Estos últimos han visto cómo sus opiniones, creencias, reglas, o falta de las mismas han sido claramente olvidadas, menospreciadas. Una constante en civilizaciones menos evolucionadas, en donde la influencia de la religión en todos los órdenes es de tal envergadura que la vida está sometida al terror de las religiones, a la puesta en práctica por la fuerza de sus postulados, a los castigos más atroces para los insurrectos. ¿Es eso lo que pretenden quienes culpan a los displicentes de no actuar de la misma manera con la confesión musulmana?

Ateos y agnósticos deben convivir con el público fervor, con las explosiones de júbilo, con las confesiones y promesas ante los presentes, con las visiones de flagelarse la espalda a latigazos, de caminar descalzos hasta sangrar. Siempre cara a los demás, como si la penitencia por el pecado o el propósito de enmienda estuviese descontextualizado y no surtiese efecto si se sucede en la intimidad, como si el llanto fuese menos llanto si no es sincopado y sonoro. ¿No deberían las creencias desarrollarse principalmente en el ámbito privado?

Lo realmente importante, lo que la Constitución debe amparar, es que quienes profesan una ideología, sea la que sea, tengan las condiciones necesarias para su práctica.

La mofa, la burla o la ofensa no caminan en una sola dirección y, a modo de ejemplo, cabría entender a quienes tienen que soportar como se ensalza la figura del dictador Franco, o los cánticos como el Cara al Sol, que tan funestos recuerdos traen todavía, y cuentan con la complacencia, incluso la asistencia, de personajes con capacidades de gobierno o decisorias en las Instituciones del Estado.

Respecto de la educación, ese aspecto crítico para la formación de las futuras generaciones, debería estar revestida de una neutralidad de facto, libre de adoctrinamientos y, a modo de ejemplo, me parece reprochable que un profesor de una universidad pública, amparado en la libertad de cátedra, arremeta contra el agnosticismo o el ateísmo, y critique y se mofe del Estado francés por legislar a favor de su laicidad.

En caso contrario, si se siguen actuando o considerando cualquier acción como una afrenta, como un atentado al hecho religioso será muy difícil que se olviden los muchos errores cometidos.

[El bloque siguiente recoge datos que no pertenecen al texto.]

(* Let $\sum_{n=1}^{\infty}x_n$ be a divergent series of positive real terms with $\lim_{n\to\infty}x_n=0$, and let $S=\{\sum_{n=1}^{\infty}(x_n-x_{\sigma(n)}) : \sigma\in S_\infty,\ \text{the series converges}\}$. Then either $S=\mathbb{R}$ or $S$ is a halfline bounded from below, i.e. there is $c\in\mathbb{R}$ with $S=[c,\infty)$ or $S=(c,\infty)$.
   Context: $S_\infty$ denotes the set of all permutations of $\mathbb{N}$. *)

theory Defs
  imports Complex_Main
begin

end

theory Submission
  imports Defs
begin

text \<open>
  The set of attainable sums contains 0 (take the identity) and is closed upwards, so it is
  either all of \<real> or a half-line. Upward closedness reduces to the following: if \<open>v\<close> is a
  positive null sequence with divergent sum and \<open>d > 0\<close>, there is a permutation \<open>\<tau>\<close> with
  \<open>\<Sum>(v n - v (\<tau> n)) = d\<close>; applying it to \<open>v = x \<circ> \<sigma>\<close> and composing gives \<open>\<sigma> \<circ> \<tau>\<close>.

  To build \<open>\<tau>\<close>, choose sparse indices \<open>late k\<close> with \<open>v (late k) \<le> (1/2)\<^sup>k\<close> and \<open>v\<close>-mass at least
  \<open>d\<close> between consecutive ones. Scanning \<open>\<nat>\<close>, push each index onto a queue while the mass of
  the entries not yet popped is below \<open>d\<close>, and at \<open>late k\<close> pop the oldest entry \<open>early k\<close>; \<open>\<tau>\<close> swaps
  \<open>early k\<close> with \<open>late k\<close>. The \<open>N\<close>-th partial sum equals the mass of the unpopped entries at
  time \<open>N\<close> minus that of their \<open>late\<close> partners; the first tends to \<open>d\<close> because
  \<open>v \<longlonglongrightarrow> 0\<close>, the second to 0 by the geometric bound.
\<close>

lemma filterlim_at_top_if_inj:
  fixes \<sigma> :: "nat \<Rightarrow> nat"
  assumes "inj \<sigma>"
  shows "filterlim \<sigma> at_top sequentially"
  unfolding filterlim_at_top eventually_sequentially
proof
  fix M :: nat
  have "finite (\<sigma> -` {..<M})"
    using assms by (intro finite_vimageI) auto
  then obtain B where B: "\<forall>n\<in>\<sigma> -` {..<M}. n < B"
    using finite_nat_set_iff_bounded by blast
  show "\<exists>B. \<forall>n\<ge>B. M \<le> \<sigma> n"
  proof (intro exI allI impI)
    fix n
    assume "B \<le> n"
    then have "n \<notin> \<sigma> -` {..<M}"
      using B by (meson leD)
    then show "M \<le> \<sigma> n" by simp
  qed
qed

lemma not_summable_comp_bij:
  fixes x :: "nat \<Rightarrow> real"
  assumes "bij \<sigma>" "\<And>n. 0 \<le> x n" "\<not> summable x"
  shows "\<not> summable (x \<circ> \<sigma>)"
proof
  assume "summable (x \<circ> \<sigma>)"
  then have "summable ((x \<circ> \<sigma>) \<circ> inv \<sigma>)"
    by (rule summable_reindex) (use assms in \<open>auto intro: bij_is_inj bij_imp_bij_inv\<close>)
  moreover have "(x \<circ> \<sigma>) \<circ> inv \<sigma> = x"
    using assms(1) by (simp add: fun_eq_iff bij_is_surj surj_f_inv_f)
  ultimately show False
    using assms(3) by simp
qed

lemma upward_closed_cases:
  fixes S :: "'a :: conditionally_complete_linorder set"
  assumes "S \<noteq> {}" and up: "\<And>z y. z \<in> S \<Longrightarrow> z \<le> y \<Longrightarrow> y \<in> S"
  shows "S = UNIV \<or> (\<exists>c. S = {c..} \<or> S = {c<..})"
proof (cases "bdd_below S")
  case False
  have "y \<in> S" for y
  proof -
    obtain z where "z \<in> S" "\<not> y \<le> z"
      using False unfolding bdd_below_def by blast
    then show ?thesis
      using up[of z y] by simp
  qed
  then show ?thesis by blast
next
  case bdd: True
  have above: "y \<in> S" if "Inf S < y" for y
  proof -
    have "\<exists>z\<in>S. z < y"
      using cInf_less_iff[OF assms(1) bdd] that by simp
    then obtain z where "z \<in> S" "z < y" ..
    then show ?thesis
      using up[of z y] by simp
  qed
  have below: "Inf S \<le> y" if "y \<in> S" for y
    using cInf_lower[OF that bdd] .
  show ?thesis
  proof (cases "Inf S \<in> S")
    case True
    then have "S = {Inf S..}"
      using below up[OF True] by auto
    then show ?thesis by blast
  next
    case False
    then have "S = {Inf S<..}"
      using above below by (auto simp: less_le)
    then show ?thesis by blast
  qed
qed

lemma nat_eqI_less: "(\<And>k::nat. k < a \<longleftrightarrow> k < b) \<Longrightarrow> a = b"
  by (metis less_irrefl nat_neq_iff)

lemma sum_half_powers_le: "(\<Sum>k = c..<m. (1/2::real) ^ k) \<le> 2 * (1/2) ^ c"
proof (cases "c \<le> m")
  case True
  then have "(\<Sum>k = c..<m. (1/2::real) ^ k) = 2 * (1/2) ^ c - 2 * (1/2) ^ m"
    by (induction m rule: dec_induct) auto
  then show ?thesis by simp
qed simp

locale rearrangement_gain =
  fixes v :: "nat \<Rightarrow> real" and d :: real
  assumes pos: "\<And>n. 0 < v n" and tendsto_zero: "v \<longlonglongrightarrow> 0"
    and divergent: "\<not> summable v" and gain_pos: "0 < d"
begin

lemma nonneg: "0 \<le> v n"
  using pos less_imp_le by blast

¿Habría evolucionado nuestra sociedad si no hubiesen sido confrontadas y debatidas sus prácticas, o estaríamos  en un mundo en donde, al igual que los periodistas de Charlie Hebdo, fuésemos masacrados por fundamentalistas que responden con el terror a la mofa o la sátira?

El castigo, el miedo a la denuncia o el silencio del miedo a las consecuencias no es la forma de buscar la empatía de los no creyentes ¿De verdad es esa la satisfacción los que sienten heridos sus sentimientos?

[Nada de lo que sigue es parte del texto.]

lemma aut_fixing_translations_shift:
  assumes \<theta>: "is_aut \<Gamma> \<theta>" and transl: "\<And>w. int_vec w \<Longrightarrow> \<theta> (w, mat 1) = (w, mat 1)"
  obtains D where "\<And>a A. (a, A) \<in> \<Gamma> \<Longrightarrow> \<theta> (a, A) = (a + D A, A)"
proof
  define r where "r A = fst (SOME \<eta>. \<eta> \<in> \<Gamma> \<and> snd \<eta> = A)" for A
  fix a A assume \<eta>: "(a, A) \<in> \<Gamma>"
  have "\<exists>\<eta>. \<eta> \<in> \<Gamma> \<and> snd \<eta> = A" using \<eta> by force
  hence r: "(r A, A) \<in> \<Gamma>" unfolding r_def by (metis (mono_tags, lifting) prod.collapse someI_ex)
  have t: "int_vec (a - r A)" by (rule int_vec_translation_diff[OF r \<eta>])
  have "\<theta> (a, A) = \<theta> (aff_mult (a - r A, mat 1) (r A, A))" by simp
  also have "\<dots> = aff_mult (a - r A, mat 1) (\<theta> (r A, A))"
    using \<theta> transl t r translation_mem_iff unfolding is_aut_def by metis
  also have "\<theta> (r A, A) = (fst (\<theta> (r A, A)), A)"
    using aut_fixing_translations_linear_part[OF \<theta> transl r] by (metis prod.collapse)
  finally show "\<theta> (a, A) = (a + (fst (\<theta> (r A, A)) - r A), A)" by (simp add: algebra_simps)
qed

end

locale finite_point_group_lattice = translation_lattice_group +
  assumes finite_point_group: "finite (point_group \<Gamma>)"
begin

lemma card_point_group_pos: "card (point_group \<Gamma>) > 0"
proof -
  have "(0, mat 1) \<in> \<Gamma>" using translation_mem_iff by (simp add: int_vec_def)
  hence "mat 1 \<in> point_group \<Gamma>" by force
  thus ?thesis using finite_point_group card_gt_0_iff by blast
qed

lemma finite_conjugates_translation: "finite (conjugates \<Gamma> (w, mat 1))"
proof (rule finite_subset)
  show "conjugates \<Gamma> (w, mat 1) \<subseteq> (\<lambda>A. (A *v w, mat 1)) ` point_group \<Gamma>"
  proof
    fix u assume "u \<in> conjugates \<Gamma> (w, mat 1)"
    then obtain k where "k \<in> \<Gamma>" "aff_mult k (w, mat 1) = aff_mult u k"
      unfolding conjugates_def by blast
    moreover obtain a A c C where "k = (a, A)" "u = (c, C)" by (cases k, cases u)
    ultimately have k: "(a, A) \<in> \<Gamma>" and u: "u = (c, C)"
      and eq: "aff_mult (a, A) (w, mat 1) = aff_mult (c, C) (a, A)" by simp_all
    have "A = C ** A" using eq by simp
    hence "A ** matrix_inv A = C ** (A ** matrix_inv A)" by (metis matrix_mul_assoc)
    hence "C = mat 1" using matrix_inv_right[OF invertible_linear_part[OF k]] by simp
    hence "u = (A *v w, mat 1)" using eq u by (simp add: algebra_simps)
    thus "u \<in> (\<lambda>A. (A *v w, mat 1)) ` point_group \<Gamma>" using k by force
  qed
qed (use finite_point_group in simp)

Me reitero en el carácter fundamentalmente privado de las creencias religiosas, porque la exposición pública produce su banalización, su conversión en un fenómeno social que tiene mucho de fiesta secular, de parodia alejada de la reflexión y el recogimiento.

El seguimiento de la fe cristiana podría quedar en algo propio de fariseos y beatos mesiánicos que han pasado ampliamente el meridiano de la vida terrenal, esa a la que muchos se aferran a pesar de sus creencias en una vida eterna plena.